Task objective: Each line from the opening of the records that follow to the line with "using eventually_ge_at_top[of s0] eventually_ge_at_top[of" needs to be written out exactly. Add nothing.

[Extracted data entries]
==*==

lemma asymptotic_expansion: "(\<lambda>s. \<phi> s - (s - 1 / s)) \<in> O(\<lambda>s. 1 / s^2)"
proof (rule bigoI[where c = 16])
  show "\<forall>\<^sub>F s in at_top. norm (\<phi> s - (s - 1 / s)) \<le> 16 * norm (1 / s^2)"
    using eventually_le_expansion eventually_ge_expansion
    by eventually_elim (simp add: abs_le_iff)
qed

end

lemma eventually_le_inverse_power:
  fixes f :: "real \<Rightarrow> real"
  assumes "\<forall>s\<ge>s0. f s \<le> C / s ^ (m + n)" and "n \<ge> 1"
  shows "\<forall>\<^sub>F s in at_top. f s \<le> 1 / s ^ m"
  using eventually_ge_at_top[of s0] eventually_ge_at_top[of "max 1 C"]
proof eventually_elim
  case (elim s)
  have "C \<le> s ^ n"
    using elim power_increasing[of 1 n s] \<open>n \<ge> 1\<close> by simp
  then have "C / s ^ (m + n) \<le> s ^ n / s ^ (m + n)"
    using elim by (intro divide_right_mono) auto
  also have "\<dots> = 1 / s ^ m"
    using elim by (simp add: power_add)
  finally show ?case
    using assms(1) elim by fastforce
qed

lemma eventually_has_real_derivative_at:
  assumes "\<forall>s\<ge>s0. (f has_real_derivative f' s) (at s within {s0..})"
  shows "\<forall>\<^sub>F s in at_top. (f has_real_derivative f' s) (at s)"
  using eventually_gt_at_top[of s0]
proof eventually_elim
  case (elim s)
  have "(f has_real_derivative f' s) (at s within {s0..})"
    using assms elim by simp
  moreover have "at s within {s0..} = at s"
    using elim by (intro at_within_open_subset[of _ "{s0<..}"]) auto
  ultimately show ?case
    by simp
qed

theorem lemma2p6:
  fixes s0 C :: real and \<gamma> \<delta> \<phi> \<phi>' :: "real \<Rightarrow> real"
  assumes bound: "\<forall>s\<ge>s0. \<bar>\<gamma> s\<bar> + \<bar>\<delta> s\<bar> \<le> C / s ^ 10"
    and deriv: "\<forall>s\<ge>s0. (\<phi> has_real_derivative \<phi>' s) (at s within {s0..})"
    and cont: "continuous_on {s0..} \<phi>'"
    and ode: "\<forall>s\<ge>s0. \<phi>' s = (1 + (\<phi> s)^2) * (1 + \<gamma> s - (1 / s + \<delta> s) * \<phi> s)"
  shows "(\<lambda>s. \<phi> s - (s - 1 / s)) \<in> O[at_top](\<lambda>s. 1 / s ^ 2)"
proof -
  interpret riccati_solution \<gamma> \<delta> \<phi> \<phi>'
  proof
    show "\<forall>\<^sub>F s in at_top. \<bar>\<gamma> s\<bar> + \<bar>\<delta> s\<bar> \<le> 1 / s^6"
      using eventually_le_inverse_power[of s0 _ C 6 4] bound by simp
    show "\<forall>\<^sub>F s in at_top. (\<phi> has_real_derivative \<phi>' s) (at s)"
      using eventually_has_real_derivative_at[OF deriv] .
    show "\<forall>\<^sub>F s in at_top. \<phi>' s = (1 + (\<phi> s)^2) * (1 + \<gamma> s - (1 / s + \<delta> s) * \<phi> s)"
      using eventually_ge_at_top[of s0] by eventually_elim (use ode in auto)
  qed
  show ?thesis
    by (rule asymptotic_expansion)
qed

==*==

Response box:
lemma asymptotic_expansion: "(\<lambda>s. \<phi> s - (s - 1 / s)) \<in> O(\<lambda>s. 1 / s^2)"
proof (rule bigoI[where c = 16])
  show "\<forall>\<^sub>F s in at_top. norm (\<phi> s - (s - 1 / s)) \<le> 16 * norm (1 / s^2)"
    using eventually_le_expansion eventually_ge_expansion
    by eventually_elim (simp add: abs_le_iff)
qed

end

lemma eventually_le_inverse_power:
  fixes f :: "real \<Rightarrow> real"
  assumes "\<forall>s\<ge>s0. f s \<le> C / s ^ (m + n)" and "n \<ge> 1"
  shows "\<forall>\<^sub>F s in at_top. f s \<le> 1 / s ^ m"
  using eventually_ge_at_top[of s0] eventually_ge_at_top[of "max 1 C"]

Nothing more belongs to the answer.